# Vacuum line diagram



## DevilsWorkshop (Sep 23, 2003)

Any chance that I could get a Vacuum Line Diagram for a Digi II. My engine is surging and my first guess would be mixing up vacuum lines or a vacuum leak.


----------



## Delasangre4231 (Mar 28, 2011)

I tried asking for help with vac lines and I got ignored. I ask for help with anything else they reply, I wouldn't count on help, but maybe that was just me or something. I think your best bet would be a bently manual.


----------



## ziddey (Apr 16, 2006)

there should be a diagram on the hood.

otherwise speaking, there really isn't too much going on with the foxes in terms of vacuum hoses.

intake manifold - fuel pressure regulator (i've seen silicone hoses used here. not sure if that's a stock thing or not)

accordion boot has hoses going to idle boost valve (2 of them if you have AC), aux air regulator (located under the intake manifold), then to intake manifold. crankcase breather system might attach somehow in this loop as well.

vacuum line post-tb that runs to your hot/cold intake flapper (if you haven't deleted and capped that up already)

no vac advance dizzy for digi2.

sorry, can't remember how the evap system is hooked up.

big vac hose running from intake to brake booster with a T in the middle that goes to your vac reservoir and hvac system.

if it's surging, it sounds like you might have a fairly sizable leak. check the accordion boot is properly seated to the afm unit and the tb, fully tightened, and there's no cracks in the bellows.

check that you don't have a vacuum leak at the idle screw (o-ring tends to go bad)

injector o-rings?

you could try spraying starting fluid to narrow it down.

idle switch engaging?


----------



## 90quattrocoupe (Feb 7, 2002)

First item listed on a Google search, using the words "VW Fox vacuum diagram".
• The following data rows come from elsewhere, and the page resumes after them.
section \<open>Index contractions\<close>

lemma sum2_delta:
  fixes f :: "nat \<Rightarrow> nat \<Rightarrow> 'a :: comm_ring_1"
  assumes "p < n" "q < n"
  shows "(\<Sum>r<n. \<Sum>s<n. f r s * of_bool (p = r \<and> q = s)) = f p q"
proof -
  have "(\<Sum>s<n. f r s * of_bool (p = r \<and> q = s)) = (if p = r then f r q else 0)" for r
    using assms by (cases "p = r") (simp_all add: of_bool_def if_distrib[of "times _"] sum.delta' cong: if_cong)
  then show ?thesis using assms by (simp add: sum.delta)
qed

lemma sum3_delta:
  fixes f :: "nat \<Rightarrow> nat \<Rightarrow> nat \<Rightarrow> 'a :: comm_ring_1"
  assumes "p < n"
  shows "(\<Sum>q<n. \<Sum>r<n. \<Sum>s<n. f q r s * of_bool (p = q \<and> q = r \<and> r = s)) = f p p p"
proof -
  have "(\<Sum>r<n. \<Sum>s<n. f q r s * of_bool (p = q \<and> q = r \<and> r = s)) = (if p = q then f q q q else 0)" for q
  proof (cases "p = q")
    case True
    then have "(p = q \<and> q = r \<and> r = s) = (q = r \<and> q = s)" for r s by auto
    then show ?thesis using True assms sum2_delta[of q n q "f q"] by simp
  qed simp
  then show ?thesis using assms by (simp add: sum.delta)
qed

lemma sum4_contract:
  fixes X :: "nat \<Rightarrow> nat \<Rightarrow> nat \<Rightarrow> nat \<Rightarrow> 'a :: comm_ring_1"
  shows "(\<Sum>p<n. \<Sum>q<n. \<Sum>r<n. \<Sum>s<n. X p q r s *
            (A * (of_bool (p = r \<and> q = s) + of_bool (p = s \<and> q = r)) - B * of_bool (p = q \<and> q = r \<and> r = s)))
       = A * (\<Sum>p<n. \<Sum>q<n. X p q p q + X p q q p) - B * (\<Sum>p<n. X p p p p)"
proof -
  have split: "X p q r s * (A * (I1 + I2) - B * I3) = A * (X p q r s * I1) + A * (X p q r s * I2) - B * (X p q r s * I3)"
    for p q r s and I1 I2 I3 :: 'a
    by (simp add: algebra_simps)
  have direct: "(\<Sum>r<n. \<Sum>s<n. X p q r s * of_bool (p = r \<and> q = s)) = X p q p q"
    if "p < n" "q < n" for p q
    using sum2_delta[OF that, of "X p q"] .
  have crossed: "(\<Sum>r<n. \<Sum>s<n. X p q r s * of_bool (p = s \<and> q = r)) = X p q q p"
    if "p < n" "q < n" for p q
    using sum2_delta[OF that(2,1), of "X p q"] unfolding conj_commute[of "p = _"] .
  have diagonal: "(\<Sum>q<n. \<Sum>r<n. \<Sum>s<n. X p q r s * of_bool (p = q \<and> q = r \<and> r = s)) = X p p p p"
    if "p < n" for p
    using sum3_delta[OF that, of "X p"] .
  have "(\<Sum>p<n. \<Sum>q<n. \<Sum>r<n. \<Sum>s<n. X p q r s *
            (A * (of_bool (p = r \<and> q = s) + of_bool (p = s \<and> q = r)) - B * of_bool (p = q \<and> q = r \<and> r = s)))
      = A * (\<Sum>p<n. \<Sum>q<n. \<Sum>r<n. \<Sum>s<n. X p q r s * of_bool (p = r \<and> q = s))
        + A * (\<Sum>p<n. \<Sum>q<n. \<Sum>r<n. \<Sum>s<n. X p q r s * of_bool (p = s \<and> q = r))
        - B * (\<Sum>p<n. \<Sum>q<n. \<Sum>r<n. \<Sum>s<n. X p q r s * of_bool (p = q \<and> q = r \<and> r = s))"
    by (simp only: split sum.distrib sum_subtractf sum_distrib_left)
  also have "\<dots> = A * (\<Sum>p<n. \<Sum>q<n. X p q p q) + A * (\<Sum>p<n. \<Sum>q<n. X p q q p) - B * (\<Sum>p<n. X p p p p)"
    using direct crossed diagonal by simp
  finally show ?thesis by (simp only: sum.distrib distrib_left)
qed

section \<open>Adjoints and unitary matrices\<close>

lemma mat_adjoint_dims:
  "dim_row (mat_adjoint M) = dim_col M" "dim_col (mat_adjoint M) = dim_row M"
  by (auto simp: mat_adjoint_def)

lemma index_mat_adjoint:
  "i < dim_col M \<Longrightarrow> j < dim_row M \<Longrightarrow> mat_adjoint M $$ (i, j) = cnj (M $$ (j, i))"
  by (simp add: mat_adjoint_def mat_of_rows_index)

lemma mat_adjoint_carrier: "V \<in> carrier_mat m k \<Longrightarrow> mat_adjoint V \<in> carrier_mat k m"
  unfolding carrier_mat_def by (simp add: mat_adjoint_dims)

lemma index_mult_mat_adjoint:
  assumes "dim_col M = dim_col N" "i < dim_row M" "j < dim_row N"
  shows "(M * mat_adjoint N) $$ (i, j) = (\<Sum>t<dim_col M. M $$ (i, t) * cnj (N $$ (j, t)))"
  using assms by (simp add: mat_adjoint_dims index_mat_adjoint scalar_prod_def lessThan_atLeast0)

lemma index_mat_adjoint_mult:
  assumes "dim_row M = dim_row N" "i < dim_col M" "j < dim_col N"
  shows "(mat_adjoint M * N) $$ (i, j) = (\<Sum>t<dim_row M. cnj (M $$ (t, i)) * N $$ (t, j))"
  using assms by (simp add: mat_adjoint_dims index_mat_adjoint scalar_prod_def lessThan_atLeast0)

lemma unitary_rows_orthonormal:
  assumes "W \<in> carrier_mat n n" "W * mat_adjoint W = 1\<^sub>m n" "i < n" "k < n"
  shows "(\<Sum>p<n. W $$ (i, p) * cnj (W $$ (k, p))) = of_bool (i = k)"
proof -
  have "(W * mat_adjoint W) $$ (i, k) = (\<Sum>p<n. W $$ (i, p) * cnj (W $$ (k, p)))"
    using index_mult_mat_adjoint[of W W i k] assms(1,3,4) by simp
  then show ?thesis using assms(2-4) by (simp add: of_bool_def)
qed

lemma unitary_cols_orthonormal:
  assumes "W \<in> carrier_mat n n" "mat_adjoint W * W = 1\<^sub>m n" "p < n" "q < n"
  shows "(\<Sum>i<n. cnj (W $$ (i, p)) * W $$ (i, q)) = of_bool (p = q)"
proof -
  have "(mat_adjoint W * W) $$ (p, q) = (\<Sum>i<n. cnj (W $$ (i, p)) * W $$ (i, q))"
    using index_mat_adjoint_mult[of W W p q] assms(1,3,4) by simp
  then show ?thesis using assms(2-4) by (simp add: of_bool_def)
qed

section \<open>The moment matrix\<close>

lemma four_point_unitary_contract:
  fixes \<alpha> \<beta> :: complex
  assumes W: "W \<in> carrier_mat n n" "W * mat_adjoint W = 1\<^sub>m n"
    and idx: "i < n" "j < n" "k < n" "l < n"
  shows "(\<Sum>p<n. \<Sum>q<n. \<Sum>r<n. \<Sum>s<n. W $$ (i,p) * W $$ (j,q) * cnj (W $$ (k,r)) * cnj (W $$ (l,s))
      * (\<alpha> * (of_bool (p = r \<and> q = s) + of_bool (p = s \<and> q = r)) - \<beta> * of_bool (p = q \<and> q = r \<and> r = s)))
    = \<alpha> * (of_bool (i = k \<and> j = l) + of_bool (i = l \<and> j = k))
      - \<beta> * (\<Sum>p<n. W $$ (i,p) * W $$ (j,p) * cnj (W $$ (k,p)) * cnj (W $$ (l,p)))"
proof -
  have "(\<Sum>p<n. \<Sum>q<n. W $$ (i,p) * W $$ (j,q) * cnj (W $$ (k,p)) * cnj (W $$ (l,q))
                     + W $$ (i,p) * W $$ (j,q) * cnj (W $$ (k,q)) * cnj (W $$ (l,p)))
      = (\<Sum>p<n. \<Sum>q<n. (W $$ (i,p) * cnj (W $$ (k,p))) * (W $$ (j,q) * cnj (W $$ (l,q))))
        + (\<Sum>p<n. \<Sum>q<n. (W $$ (i,p) * cnj (W $$ (l,p))) * (W $$ (j,q) * cnj (W $$ (k,q))))"
    by (simp only: sum.distrib mult_ac)
  also have "\<dots> = (\<Sum>p<n. W $$ (i, p) * cnj (W $$ (k, p))) * (\<Sum>p<n. W $$ (j, p) * cnj (W $$ (l, p)))
       + (\<Sum>p<n. W $$ (i, p) * cnj (W $$ (l, p))) * (\<Sum>p<n. W $$ (j, p) * cnj (W $$ (k, p)))"
    by (simp only: sum_product)
  also have "\<dots> = of_bool (i = k \<and> j = l) + of_bool (i = l \<and> j = k)"
    unfolding unitary_rows_orthonormal[OF W idx(1,3)] unitary_rows_orthonormal[OF W idx(2,4)]
      unitary_rows_orthonormal[OF W idx(1,4)] unitary_rows_orthonormal[OF W idx(2,3)]
    by (simp only: of_bool_conj)
  finally have pairs: "(\<Sum>p<n. \<Sum>q<n. W $$ (i,p) * W $$ (j,q) * cnj (W $$ (k,p)) * cnj (W $$ (l,q))
                     + W $$ (i,p) * W $$ (j,q) * cnj (W $$ (k,q)) * cnj (W $$ (l,p)))
      = of_bool (i = k \<and> j = l) + of_bool (i = l \<and> j = k)" .
  show ?thesis
    unfolding sum4_contract[of "\<lambda>p q r s. W $$ (i,p) * W $$ (j,q) * cnj (W $$ (k,r)) * cnj (W $$ (l,s))"] pairs ..
qed

lemma div_mod_less_square: "r < n * n \<Longrightarrow> r div n < n \<and> r mod n < (n::nat)"
  by (metis less_mult_imp_div_less mod_less_divisor mult_is_0 not_gr_zero not_less_zero)

lemma index_col_proj_sum:
  assumes "W \<in> carrier_mat n n" "r < n * n" "c < n * n"
  shows "col_proj_sum n W $$ (r, c)
       = (\<Sum>p<n. W $$ (r div n, p) * W $$ (r mod n, p) * cnj (W $$ (c div n, p)) * cnj (W $$ (c mod n, p)))"
  using assms div_mod_less_square[OF assms(2)] div_mod_less_square[OF assms(3)]
  by (simp add: col_proj_sum_def outer_def tensor_vec_def mult_ac)

lemma col_proj_sum_carrier: "col_proj_sum n W \<in> carrier_mat (n * n) (n * n)"
  by (simp add: col_proj_sum_def)

lemma swap_mat_carrier: "swap_mat n \<in> carrier_mat (n * n) (n * n)"
  by (simp add: swap_mat_def)

lemma index_moment_formula:
  fixes \<alpha> \<beta> :: complex
  assumes "W \<in> carrier_mat n n" "r < n * n" "c < n * n"
  shows "(\<alpha> \<cdot>\<^sub>m (1\<^sub>m (n*n) + swap_mat n) - \<beta> \<cdot>\<^sub>m col_proj_sum n W) $$ (r, c)
       = \<alpha> * (of_bool (r div n = c div n \<and> r mod n = c mod n) + of_bool (r div n = c mod n \<and> r mod n = c div n))
         - \<beta> * (\<Sum>p<n. W $$ (r div n, p) * W $$ (r mod n, p) * cnj (W $$ (c div n, p)) * cnj (W $$ (c mod n, p)))"
proof -
  have rc: "r = c \<longleftrightarrow> r div n = c div n \<and> r mod n = c mod n" by (metis div_mult_mod_eq)
  have "(\<alpha> \<cdot>\<^sub>m (1\<^sub>m (n*n) + swap_mat n) - \<beta> \<cdot>\<^sub>m col_proj_sum n W) $$ (r, c)
      = \<alpha> * (1\<^sub>m (n*n) $$ (r, c) + swap_mat n $$ (r, c)) - \<beta> * col_proj_sum n W $$ (r, c)"
    using assms(2,3) col_proj_sum_carrier[of n W] swap_mat_carrier[of n] by simp
  also have "1\<^sub>m (n*n) $$ (r, c) = of_bool (r div n = c div n \<and> r mod n = c mod n)"
    using assms(2,3) rc by (simp add: of_bool_def)
  also have "swap_mat n $$ (r, c) = of_bool (r div n = c mod n \<and> r mod n = c div n)"
    using assms(2,3) by (simp add: swap_mat_def of_bool_def)
  also note index_col_proj_sum[OF assms]
  finally show ?thesis .
qed

lemma moment2_passive_unitary_uniform:
  assumes W: "W \<in> carrier_mat n n" "W * mat_adjoint W = 1\<^sub>m n"
    and U: "passive_gaussian_unitary n W U"
  shows "moment2 n (U (uniform_fock n b))
       = of_nat ((b+1)^2) \<cdot>\<^sub>m (1\<^sub>m (n*n) + swap_mat n) - of_nat (b*(b+1)) \<cdot>\<^sub>m col_proj_sum n W"
    (is "_ = ?rhs")
proof (rule eq_matI)
  fix r c assume "r < dim_row ?rhs" "c < dim_col ?rhs"
  then have r: "r < n * n" and c: "c < n * n" using col_proj_sum_carrier[of n W] by auto
  define i j k l where "i = r div n" "j = r mod n" "k = c div n" "l = c mod n"
  have idx: "i < n" "j < n" "k < n" "l < n"
    using div_mod_less_square[OF r] div_mod_less_square[OF c] by (simp_all add: i_j_k_l_def)
  let ?\<phi> = "uniform_fock n b"
  have "moment2 n (U ?\<phi>) $$ (r, c) = finner (U ?\<phi>) (annih i (annih j (creat k (creat l (U ?\<phi>)))))"
    using r c by (simp add: moment2_def i_j_k_l_def)
  also have "\<dots> = annih_mix n W i (annih_mix n W j (creat_mix n W k (creat_mix n W l ?\<phi>))) (uniform_occ n b)"
    using four_point_passive_unitary[OF U idx fock_state_uniform_fock]
    by (simp add: uniform_fock_eq finner_fock_basis)
  also have "\<dots> = (\<Sum>p<n. \<Sum>q<n. \<Sum>r<n. \<Sum>s<n. W $$ (i,p) * W $$ (j,q) * cnj (W $$ (k,r)) * cnj (W $$ (l,s))
      * (of_nat ((b+1)^2) * (of_bool (p = r \<and> q = s) + of_bool (p = s \<and> q = r))
         - of_nat (b*(b+1)) * of_bool (p = q \<and> q = r \<and> r = s)))"
    unfolding four_point_mix_expand by (intro sum.cong refl) (simp add: four_point_uniform_fock)
  also have "\<dots> = of_nat ((b+1)^2) * (of_bool (i = k \<and> j = l) + of_bool (i = l \<and> j = k))
      - of_nat (b*(b+1)) * (\<Sum>p<n. W $$ (i,p) * W $$ (j,p) * cnj (W $$ (k,p)) * cnj (W $$ (l,p)))"
    by (rule four_point_unitary_contract[OF W idx])
  also have "\<dots> = ?rhs $$ (r, c)"
    unfolding index_moment_formula[OF W(1) r c] i_j_k_l_def ..
  finally show "moment2 n (U ?\<phi>) $$ (r, c) = ?rhs $$ (r, c)" .
qed (use col_proj_sum_carrier[of n W] in \<open>simp_all add: moment2_def\<close>)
http://www.audivwcrewpr.com/servicemanual/Passat 91'/47.pdf

Greg W.


----------



## Delasangre4231 (Mar 28, 2011)

Awesome now get me that for the CIS system and bueno!


----------



## 90quattrocoupe (Feb 7, 2002)

5th item on the same google search. 

http://www.scirocco.lv/download.php?fileID=25

Greg W.


----------



## 90quattrocoupe (Feb 7, 2002)

Again.










Fig. Digifant charcoal canister and bypass system










Fig. Fox with CIS and CIS-E engines

Greg W.


----------



## Delasangre4231 (Mar 28, 2011)

Thanks, I have seen that before, it doesn't have the vac lines I need help with.


----------



## DevilsWorkshop (Sep 23, 2003)

Thanks!


----------